Suspended sentence, lifetime bans and fines for Staffordshire farmers for animal cruelty


Three farmers have been convicted for breaching animal welfare and cattle identification and movement rules.


Charles Gibson, 51, and Alison Bailey, 44, both from a farm on Hot Lane, Biddulph Moor pleaded guilty to multiple animal welfare offences at a hearing on 21 April 2023 at Cannock Magistrates court.


Wheelton Farms Ltd, represented by Director Martin Wheelton, 55 from Harbour Lane, Macclesfield, pleaded guilty to cattle identification and movement offences.


The farmers were prosecuted by Staffordshire County Council’s Trading Standards Animal Health team.


In May 2020, welfare issues were found at a farm being run by Gibson and Bailey when livestock, including young calves, were found being kept in extremely poor conditions.  A number of dead animals were found in pens with live animals, pens where livestock were kept were not suitable and little food, water or dry lying was being provided to the animals.

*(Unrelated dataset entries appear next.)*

lemma nonneg_integrable_on_UNIV_symmetric_bound:
  fixes g :: "real \<Rightarrow> real"
  assumes nonneg: "\<And>x. 0 \<le> g x" and cont: "continuous_on UNIV g"
    and bound: "\<And>K. R \<le> K \<Longrightarrow> integral {-K..K} g \<le> M"
  shows "g integrable_on UNIV" "integral UNIV g \<le> M"
proof -
  define f where "f = (\<lambda>k::nat. \<lambda>x. if x \<in> {-real k..real k} then g x else 0)"
  have int: "g integrable_on {a..b}" for a b
    using cont by (intro integrable_continuous_interval) (auto intro: continuous_on_subset)
  have le_M: "integral {-real k..real k} g \<le> M" for k
  proof -
    have "integral {-real k..real k} g \<le> integral {-max R (real k) .. max R (real k)} g"
      using int nonneg by (intro integral_subset_le) auto
    also have "\<dots> \<le> M" by (rule bound) simp
    finally show ?thesis .
  qed
  have f_int: "f k integrable_on UNIV" for k
    unfolding f_def integrable_restrict_UNIV by (rule int)
  have f_integral: "integral UNIV (f k) = integral {-real k..real k} g" for k
    unfolding f_def integral_restrict_UNIV ..
  have "f k x \<le> f (Suc k) x" for k x
    unfolding f_def using nonneg[of x] by auto
  moreover have "(\<lambda>k. f k x) \<longlonglongrightarrow> g x" for x
  proof (rule tendsto_eventually)
    obtain n :: nat where n: "\<bar>x\<bar> \<le> real n" using real_arch_simple by blast
    show "\<forall>\<^sub>F k in sequentially. f k x = g x"
      using eventually_ge_at_top[of n] by eventually_elim (use n in \<open>auto simp: f_def\<close>)
  qed
  moreover have "bounded (range (\<lambda>k. integral UNIV (f k)))"
  proof -
    have "\<bar>integral UNIV (f k)\<bar> \<le> M" for k
      unfolding f_integral using le_M[of k] integral_nonneg[OF int] nonneg by (simp add: abs_le_iff)
    then show ?thesis by (auto simp: bounded_iff)
  qed
  ultimately have "g integrable_on UNIV \<and> (\<lambda>k. integral UNIV (f k)) \<longlonglongrightarrow> integral UNIV g"
    using f_int by (intro monotone_convergence_increasing) auto
  then show "g integrable_on UNIV" "integral UNIV g \<le> M"
    using le_M f_integral by (auto intro: LIMSEQ_le_const2)
qed

lemma exp_minus_abs_integrable_and_bound:
  fixes \<kappa> :: real
  assumes "0 < \<kappa>"
  shows "(\<lambda>r. exp (- \<kappa> * \<bar>r\<bar>)) integrable_on UNIV"
    and "integral UNIV (\<lambda>r. exp (- \<kappa> * \<bar>r\<bar>)) \<le> 2 / \<kappa>"
proof -
  have cont: "continuous_on UNIV (\<lambda>r. exp (- \<kappa> * \<bar>r\<bar>))" by (intro continuous_intros)
  have half_line: "((\<lambda>r. exp (- \<kappa> * r)) has_integral 1 / \<kappa>) {0..}"
    using has_integral_exp_minus_to_infinity[OF assms, of 0] by simp
  have bound: "integral {-K..K} (\<lambda>r. exp (- \<kappa> * \<bar>r\<bar>)) \<le> 2 / \<kappa>" if "0 \<le> K" for K
  proof -
    have "integral {-K..K} (\<lambda>r. exp (- \<kappa> * \<bar>r\<bar>)) = 2 * integral {0..K} (\<lambda>r. exp (- \<kappa> * r))"
      using that integrable_continuous_interval[OF continuous_on_subset[OF cont]]
      by (subst integral_symmetric_interval_even) (auto intro!: integral_cong)
    also have "integral {0..K} (\<lambda>r. exp (- \<kappa> * r)) \<le> integral {0..} (\<lambda>r. exp (- \<kappa> * r))"
      using half_line by (intro integral_subset_le integrable_continuous_interval continuous_intros)
                          (auto simp: integrable_on_def)
    finally show ?thesis using half_line by (simp add: integral_unique)
  qed
  show "(\<lambda>r. exp (- \<kappa> * \<bar>r\<bar>)) integrable_on UNIV"
    and "integral UNIV (\<lambda>r. exp (- \<kappa> * \<bar>r\<bar>)) \<le> 2 / \<kappa>"
    using nonneg_integrable_on_UNIV_symmetric_bound[OF _ cont bound] by auto
qed

lemma max_abs_powr_integrable_and_bound:
  fixes a c :: real
  assumes "1 < a" "0 < c"
  shows "(\<lambda>r. max c \<bar>r\<bar> powr (- a)) integrable_on UNIV"
    and "integral UNIV (\<lambda>r. max c \<bar>r\<bar> powr (- a)) \<le> 2 * a / (a - 1) * c powr (1 - a)"
proof -
  have cont: "continuous_on UNIV (\<lambda>r. max c \<bar>r\<bar> powr (- a))"
    using assms by (intro continuous_intros) auto
  then have int: "(\<lambda>r. max c \<bar>r\<bar> powr (- a)) integrable_on {u..v}" for u v
    by (intro integrable_continuous_interval) (auto intro: continuous_on_subset)
  have half_line: "((\<lambda>r. r powr (- a)) has_integral c powr (1 - a) / (a - 1)) {c..}"
    using has_integral_powr_to_inf[of "- a" c] assms by (simp add: minus_divide_right add.commute)
  have bound: "integral {-K..K} (\<lambda>r. max c \<bar>r\<bar> powr (- a)) \<le> 2 * a / (a - 1) * c powr (1 - a)"
    if "c \<le> K" for K
  proof -
    have "integral {0..c} (\<lambda>r. max c \<bar>r\<bar> powr (- a)) = integral {0..c} (\<lambda>_. c powr (- a))"
      by (rule integral_cong) auto
    also have "\<dots> = c powr (1 - a)" using assms powr_add[of c 1 "- a"] by simp
    finally have head: "integral {0..c} (\<lambda>r. max c \<bar>r\<bar> powr (- a)) = c powr (1 - a)" .
    have tail: "integral {c..K} (\<lambda>r. max c \<bar>r\<bar> powr (- a)) \<le> c powr (1 - a) / (a - 1)"
    proof -
      have "integral {c..K} (\<lambda>r. max c \<bar>r\<bar> powr (- a)) = integral {c..K} (\<lambda>r. r powr (- a))"
        using assms by (intro integral_cong) auto
      also have "\<dots> \<le> integral {c..} (\<lambda>r. r powr (- a))"
        using half_line assms by (intro integral_subset_le integrable_continuous_interval continuous_intros)
                                 (auto simp: integrable_on_def)
      finally show ?thesis using half_line by (simp add: integral_unique)
    qed
    have "integral {-K..K} (\<lambda>r. max c \<bar>r\<bar> powr (- a))
        = 2 * (integral {0..c} (\<lambda>r. max c \<bar>r\<bar> powr (- a)) + integral {c..K} (\<lambda>r. max c \<bar>r\<bar> powr (- a)))"
      using that assms int Henstock_Kurzweil_Integration.integral_combine[of 0 c K, OF _ _ int]
      by (simp add: integral_symmetric_interval_even)
    also have "\<dots> \<le> 2 * (c powr (1 - a) + c powr (1 - a) / (a - 1))" using head tail by simp
    also have "\<dots> = 2 * a / (a - 1) * c powr (1 - a)" using assms by (simp add: field_simps)
    finally show ?thesis .
  qed
  show "(\<lambda>r. max c \<bar>r\<bar> powr (- a)) integrable_on UNIV"
    and "integral UNIV (\<lambda>r. max c \<bar>r\<bar> powr (- a)) \<le> 2 * a / (a - 1) * c powr (1 - a)"
    using nonneg_integrable_on_UNIV_symmetric_bound[OF _ cont bound] by auto
qed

With low value untagged calves found at the farm which had been given to Gibson,  Wheelton Farms Ltd were complicit in the failure to comply with the traceability requirements for bovine animals.

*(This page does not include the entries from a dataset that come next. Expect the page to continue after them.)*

lemma branch_mem:
  assumes "a \<in> \<Union>(B ` sverts J)"
  shows "branch a \<in> sverts J" "a \<in> B (branch a)"
proof -
  from assms obtain x where "x \<in> sverts J" "a \<in> B x" by blast
  with branch_eq show "branch a \<in> sverts J" "a \<in> B (branch a)" by simp_all
qed

lemma rep_mem: "x \<in> sverts J \<Longrightarrow> rep x \<in> B x"
  using branch_nonempty by (simp add: rep_def some_in_eq)

lemma inj_on_rep: "inj_on rep (sverts J)"
proof (rule inj_onI)
  fix x y assume "x \<in> sverts J" "y \<in> sverts J" "rep x = rep y"
  then have "rep x \<in> B x \<inter> B y" using rep_mem[of x] rep_mem[of y] by simp
  then show "x = y" using branch_disjoint \<open>x \<in> sverts J\<close> \<open>y \<in> sverts J\<close> by blast
qed

lemma model_sgraph_edgeI:
  assumes "{a, b} \<in> sedges K" "x \<in> sverts J" "y \<in> sverts J" "a \<in> B x" "b \<in> B y"
    and "x = y \<or> {x, y} \<in> sedges J"
  shows "{a, b} \<in> sedges model_sgraph"
proof -
  have "branch a = x" "branch b = y" using assms(2-5) branch_eq by auto
  then have "{a, b} \<in> sedges K \<and> a \<in> \<Union>(B ` sverts J) \<and> b \<in> \<Union>(B ` sverts J) \<and>
      (branch a = branch b \<or> {branch a, branch b} \<in> sedges J)"
    using assms by auto
  then show ?thesis unfolding model_sgraph_def by auto
qed

lemma sedges_model_sgraphE:
  assumes "p \<in> sedges model_sgraph"
  obtains a b where "p = {a, b}" "{a, b} \<in> sedges K"
    "a \<in> \<Union>(B ` sverts J)" "b \<in> \<Union>(B ` sverts J)"
    "branch a = branch b \<or> {branch a, branch b} \<in> sedges J"
  using assms unfolding model_sgraph_def by auto

lemma ssubgraph_model_sgraph: "ssubgraph model_sgraph K"
proof -
  have "sverts model_sgraph \<subseteq> sverts K"
    using branch_subset unfolding model_sgraph_def by auto
  moreover have "p \<in> sedges K \<and> p \<subseteq> sverts model_sgraph" if "p \<in> sedges model_sgraph" for p
    using that by (elim sedges_model_sgraphE) (simp add: model_sgraph_def)
  ultimately show ?thesis unfolding ssubgraph_def by blast
qed

lemma simple_model_sgraph:
  assumes "simple_sgraph K"
  shows "simple_sgraph model_sgraph"
  using assms ssubgraph_model_sgraph finite_subset
  unfolding simple_sgraph_def ssubgraph_def by (meson subsetD)

lemma fiber_path_rep_branch:
  assumes "a \<in> sverts model_sgraph"
  shows "(fiber_edge model_sgraph (rep \<circ> branch))\<^sup>*\<^sup>* a (rep (branch a))"
proof -
  let ?x = "branch a"
  have x: "?x \<in> sverts J" "a \<in> B ?x"
    using assms branch_mem unfolding model_sgraph_def by auto
  have "fiber_edge model_sgraph (rep \<circ> branch) b c" if "sadj_on K (B ?x) b c" for b c
  proof -
    have "b \<in> B ?x" "c \<in> B ?x" "{b, c} \<in> sedges K" using that by (auto simp: sadj_on_def)
    then show ?thesis
      using model_sgraph_edgeI[OF _ x(1) x(1)] branch_eq[OF x(1)] by (simp add: fiber_edge_def)
  qed
  then have "sadj_on K (B ?x) \<le> fiber_edge model_sgraph (rep \<circ> branch)" by blast
  moreover have "(sadj_on K (B ?x))\<^sup>*\<^sup>* a (rep ?x)"
    using branch_connected[OF x(1)] x rep_mem unfolding sconnected_on_def by blast
  ultimately show ?thesis using rtranclp_mono by blast
qed

lemma fiber_retraction_rep_branch: "fiber_retraction model_sgraph (rep \<circ> branch)"
  unfolding fiber_retraction_def
proof
  fix a assume a: "a \<in> sverts model_sgraph"
  then have x: "branch a \<in> sverts J" using branch_mem by (simp add: model_sgraph_def)
  then have "rep (branch a) \<in> sverts model_sgraph" using rep_mem unfolding model_sgraph_def by auto
  moreover have "branch (rep (branch a)) = branch a" using branch_eq[OF x rep_mem[OF x]] .
  ultimately show "(rep \<circ> branch) a \<in> sverts model_sgraph \<and>
      (rep \<circ> branch) ((rep \<circ> branch) a) = (rep \<circ> branch) a \<and>
      (fiber_edge model_sgraph (rep \<circ> branch))\<^sup>*\<^sup>* a ((rep \<circ> branch) a)"
    using fiber_path_rep_branch[OF a] by simp
qed

lemma sverts_quotient_model_sgraph:
  "sverts (quotient_sgraph (rep \<circ> branch) model_sgraph) = rep ` sverts J"
proof -
  have "(rep \<circ> branch) ` \<Union>(B ` sverts J) \<subseteq> rep ` sverts J"
    using branch_mem by auto
  moreover have "rep x \<in> (rep \<circ> branch) ` \<Union>(B ` sverts J)" if "x \<in> sverts J" for x
    using that rep_mem[OF that] branch_eq[OF that rep_mem[OF that]] by force
  ultimately show ?thesis unfolding quotient_sgraph_def model_sgraph_def by auto
qed

lemma sedges_quotient_model_sgraph_iff:
  assumes "\<forall>e\<in>sedges J. card e = 2" "x \<in> sverts J" "y \<in> sverts J"
  shows "{rep x, rep y} \<in> sedges (quotient_sgraph (rep \<circ> branch) model_sgraph) \<longleftrightarrow> {x, y} \<in> sedges J"
    (is "?lhs \<longleftrightarrow> ?rhs")
proof
  assume ?lhs
  then obtain p where p: "p \<in> sedges model_sgraph" "{rep x, rep y} = (rep \<circ> branch) ` p"
    and card: "card {rep x, rep y} = 2"
    unfolding quotient_sgraph_def by auto
  from p(1) obtain a b where "p = {a, b}" and ab: "a \<in> \<Union>(B ` sverts J)" "b \<in> \<Union>(B ` sverts J)"
      "branch a = branch b \<or> {branch a, branch b} \<in> sedges J"
    by (rule sedges_model_sgraphE)
  then have "rep ` {x, y} = rep ` {branch a, branch b}" using p(2) by simp
  have "{x, y} = {branch a, branch b}"
  proof (rule inj_on_image_eq_iff[OF inj_on_rep, THEN iffD1])
    show "{x, y} \<subseteq> sverts J" "{branch a, branch b} \<subseteq> sverts J"
      using assms(2,3) branch_mem[OF ab(1)] branch_mem[OF ab(2)] by auto
  qed fact
  moreover have "x \<noteq> y" using card by auto
  ultimately show ?rhs using ab(3) by auto
next
  assume ?rhs
  then have "card {x, y} = 2" using assms(1) by blast
  then have "x \<noteq> y" by (auto simp: card_2_iff doubleton_eq_iff)
  then have "rep x \<noteq> rep y" using inj_onD[OF inj_on_rep _ assms(2,3)] by blast
  obtain a b where ab: "a \<in> B x" "b \<in> B y" "{a, b} \<in> sedges K"
    using branch_adjacent[OF assms(2,3) \<open>?rhs\<close>] by blast
  then have branch_ab: "branch a = x" "branch b = y" using assms(2,3) branch_eq by auto
  have "{a, b} \<in> sedges model_sgraph"
    using model_sgraph_edgeI[OF ab(3) assms(2,3) ab(1,2)] \<open>?rhs\<close> by blast
  moreover have "{rep x, rep y} = (rep \<circ> branch) ` {a, b}" using branch_ab by simp
  moreover have "card {rep x, rep y} = 2" using \<open>rep x \<noteq> rep y\<close> by simp
  ultimately show ?lhs
    unfolding quotient_sgraph_def sgraph.select_convs mem_Collect_eq by blast
qed

theorem minor:
  assumes "simple_sgraph K" "\<forall>e\<in>sedges J. card e = 2"
  shows "minor J K"
proof -
  have "contract_step\<^sup>*\<^sup>* model_sgraph (quotient_sgraph (rep \<circ> branch) model_sgraph)"
    using contract_steps_quotient_sgraph simple_model_sgraph[OF assms(1)]
      fiber_retraction_rep_branch by blast
  moreover have "siso J (quotient_sgraph (rep \<circ> branch) model_sgraph)"
    unfolding siso_def sverts_quotient_model_sgraph
    using inj_on_imp_bij_betw[OF inj_on_rep] sedges_quotient_model_sgraph_iff[OF assms(2)] by auto
  ultimately show ?thesis
    unfolding minor_def using ssubgraph_model_sgraph by blast
qed

end

section \<open>Edge models of immersions in line graphs\<close>

lemma in_sedges_line_graph_iff:
  assumes "e \<in> edges G" "f \<in> edges G"
  shows "{e, f} \<in> sedges (line_graph G) \<longleftrightarrow> e \<noteq> f \<and> ends G e \<inter> ends G f \<noteq> {}"
  using assms unfolding line_graph_def by (auto simp: doubleton_eq_iff)

lemma card_sedges_line_graph: "p \<in> sedges (line_graph G) \<Longrightarrow> card p = 2"
  unfolding line_graph_def by auto

lemma simple_line_graph: "finite (edges G) \<Longrightarrow> simple_sgraph (line_graph G)"
  unfolding simple_sgraph_def line_graph_def by auto

text \<open>T lives on the vertices of G; for an edge t created by lifting, B t contains the trail
  of G that t replaces.\<close>

definition edge_model :: "('v, 'e) mgraph \<Rightarrow> ('v, 'f) mgraph \<Rightarrow> ('f \<Rightarrow> 'e set) \<Rightarrow> bool" where
  "edge_model G T B \<longleftrightarrow>
     (\<forall>t\<in>edges T. B t \<subseteq> edges G \<and> B t \<noteq> {} \<and> sconnected_on (line_graph G) (B t) \<and>
                   ends T t \<subseteq> \<Union>(ends G ` B t)) \<and>
     (\<forall>t\<in>edges T. \<forall>t'\<in>edges T. t \<noteq> t' \<longrightarrow> B t \<inter> B t' = {})"

lemma edge_modelD:
  assumes "edge_model G T B" "t \<in> edges T"
  shows "B t \<subseteq> edges G" "B t \<noteq> {}" "sconnected_on (line_graph G) (B t)"
    and "ends T t \<subseteq> \<Union>(ends G ` B t)"
  using assms unfolding edge_model_def by blast+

The case, one of the worse witnessed by the team, resulted in the animals being taken into the possession of the local authority at the time in a bid to prevent further suffering. 

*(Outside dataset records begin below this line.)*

text \<open>Composition of power series expansions is only available over \<open>\<complex>\<close>, hence the
  detour through \<open>fps_of_real\<close> to see that \<open>exp (a * \<phi>)\<close> is analytic at \<open>0\<close>.\<close>

lemma moment_eq_sigma:
  fixes Y :: "'a \<Rightarrow> real"
  assumes Ym: "Y \<in> borel_measurable M" and Yn: "\<And>\<omega>. \<omega> \<in> space M \<Longrightarrow> Y \<omega> \<ge> 0"
    and R: "phi_radius c > 0"
    and f: "\<And>x. ereal \<bar>x\<bar> < phi_radius c \<Longrightarrow> f x = phi_series c x"
    and laplace: "\<And>x. x \<ge> 0 \<Longrightarrow> (\<integral>\<omega>. exp (- x * Y \<omega>) \<partial>M) = exp (a * f (- x))"
  shows "integrable M (\<lambda>\<omega>. Y \<omega> ^ j) \<and> (\<integral>\<omega>. Y \<omega> ^ j \<partial>M) = sigma c j a"
proof -
  define G :: "complex fps" where "G = fps_of_real (phi_fps c)"
  define H :: "complex fps" where "H = fps_of_real (fps_exp a oo phi_fps c)"
  have "fps_conv_radius G > 0"
    using R by (simp add: G_def fps_conv_radius_of_real fps_conv_radius_phi_fps)
  then have "eval_fps G has_fps_expansion G"
    by (rule eval_fps_has_fps_expansion)
  then have "((\<lambda>z. exp (of_real a * z)) \<circ> eval_fps G) has_fps_expansion (fps_exp (of_real a) oo G)"
    by (rule has_fps_expansion_compose[OF has_fps_expansion_exp]) (simp add: G_def phi_fps_def)
  then have "((\<lambda>z. exp (of_real a * z)) \<circ> eval_fps G) has_fps_expansion H"
    by (simp add: H_def G_def fps_of_real_compose fps_of_real_exp)
  then have H: "fps_conv_radius H > 0"
    and "eventually (\<lambda>z. eval_fps H z = exp (of_real a * eval_fps G z)) (nhds 0)"
    by (auto simp: has_fps_expansion_def)
  then obtain \<delta> where \<delta>: "\<delta> > 0" "\<And>z. norm z < \<delta> \<Longrightarrow> eval_fps H z = exp (of_real a * eval_fps G z)"
    by (auto simp: eventually_nhds_metric dist_norm)
  obtain e :: real where e: "0 < e" "ereal e < phi_radius c"
    using ereal_dense2[OF R] by (metis ereal_less(2))
  have "complex_of_real (\<integral>\<omega>. exp (- x * Y \<omega>) \<partial>M) = eval_fps H (- of_real x)"
    if x: "0 \<le> x" "x < min \<delta> e" for x
  proof -
    have x_in: "ereal \<bar>- x\<bar> < phi_radius c"
      using x e(2) by (simp add: order.strict_trans[of _ "ereal e"])
    have "complex_of_real (\<integral>\<omega>. exp (- x * Y \<omega>) \<partial>M) = of_real (exp (a * eval_fps (phi_fps c) (- x)))"
      using laplace[OF x(1)] f[OF x_in] eval_fps_phi_fps[OF x_in] by simp
    also have "\<dots> = exp (of_real a * eval_fps G (of_real (- x)))"
    proof -
      have "eval_fps G (of_real (- x)) = of_real (eval_fps (phi_fps c) (- x))"
        unfolding G_def using x_in by (intro eval_fps_of_real) (simp add: fps_conv_radius_phi_fps)
      then show ?thesis by (simp flip: exp_of_real)
    qed
    also have "\<dots> = eval_fps H (- of_real x)"
      using \<delta>(2)[of "- of_real x"] x by simp
    finally show ?thesis .
  qed
  then have "integrable M (\<lambda>\<omega>. Y \<omega> ^ j) \<and> complex_of_real (\<integral>\<omega>. Y \<omega> ^ j \<partial>M) = fact j * fps_nth H j"
    using \<delta>(1) e(1) by (intro moment_eq_fps_nth_of_laplace[OF Ym Yn H, of "min \<delta> e"]) auto
  moreover have "fact j * fps_nth H j = complex_of_real (sigma c j a)"
    by (simp add: H_def sigma_def)
  ultimately show ?thesis
    by (metis of_real_eq_iff)
qed

lemma moment_eq_sigma_scaled:
  fixes Y :: "'a \<Rightarrow> real"
  assumes Ym: "Y \<in> borel_measurable M" and Yn: "\<And>\<omega>. \<omega> \<in> space M \<Longrightarrow> Y \<omega> \<ge> 0"
    and R: "phi_radius c > 0"
    and f: "\<And>x. ereal \<bar>x\<bar> < phi_radius c \<Longrightarrow> f x = phi_series c x"
    and b: "b > 0"
    and laplace: "\<And>x. x \<ge> 0 \<Longrightarrow> (\<integral>\<omega>. exp (- x * Y \<omega>) \<partial>M) = exp (a * f (- x / b))"
  shows "integrable M (\<lambda>\<omega>. Y \<omega> ^ j) \<and> (\<integral>\<omega>. Y \<omega> ^ j \<partial>M) = sigma c j a / b ^ j"
proof -
  have "integrable M (\<lambda>\<omega>. (b * Y \<omega>) ^ j) \<and> (\<integral>\<omega>. (b * Y \<omega>) ^ j \<partial>M) = sigma c j a"
  proof (rule moment_eq_sigma[OF _ _ R f])
    show "(\<lambda>\<omega>. b * Y \<omega>) \<in> borel_measurable M"
      using Ym by measurable
    show "0 \<le> b * Y \<omega>" if "\<omega> \<in> space M" for \<omega>
      using b Yn[OF that] by simp
    show "(\<integral>\<omega>. exp (- x * (b * Y \<omega>)) \<partial>M) = exp (a * f (- x))" if "x \<ge> 0" for x
      using laplace[of "x * b"] that b by (simp add: mult_ac)
  qed
  then show ?thesis
    using b by (simp add: power_mult_distrib eq_divide_eq mult.commute[of _ "b ^ j"])
qed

At the sentencing at Telford Magistrates’ Court on Tuesday 17 October, Mr Gibson was given a 20-week jail sentence, suspended for 12 months, and ordered to do 200 hours unpaid work.  He was also ordered to pay fines of £4,000, a victim surcharge of £128, and given a lifetime ban from keeping all animals.


Ms Bailey was given a community order with 80 hours unpaid work, ordered to pay £1,000 costs and a victim surcharge of £90. She was also given a lifetime ban from keeping all animals.  Wheelton Farms Ltd received fines totalling £32,000 and ordered to pay £7,500 in costs.


Victoria Wilson, Cabinet Member with responsibility for Trading Standards at Staffordshire County Council said: “Our animal health team work hard to make sure that livestock is looked after properly and there is the required traceability of animals.

“This is a particularly upsetting case involving a number of vulnerable, new-born animals where their basic needs for care and identification were not met.


“Thankfully, the vast majority of Staffordshire farmers and livestock owners take good care of their animals and follow the rules. However, on some occasions, we do see incidents where these standards are not met, as in this case.  We are pleased that the court has reached a successful conclusion, this case should send out a clear message that we will take action to ensure the welfare needs of animals are provided for and livestock identification and movement rules are adhered to.”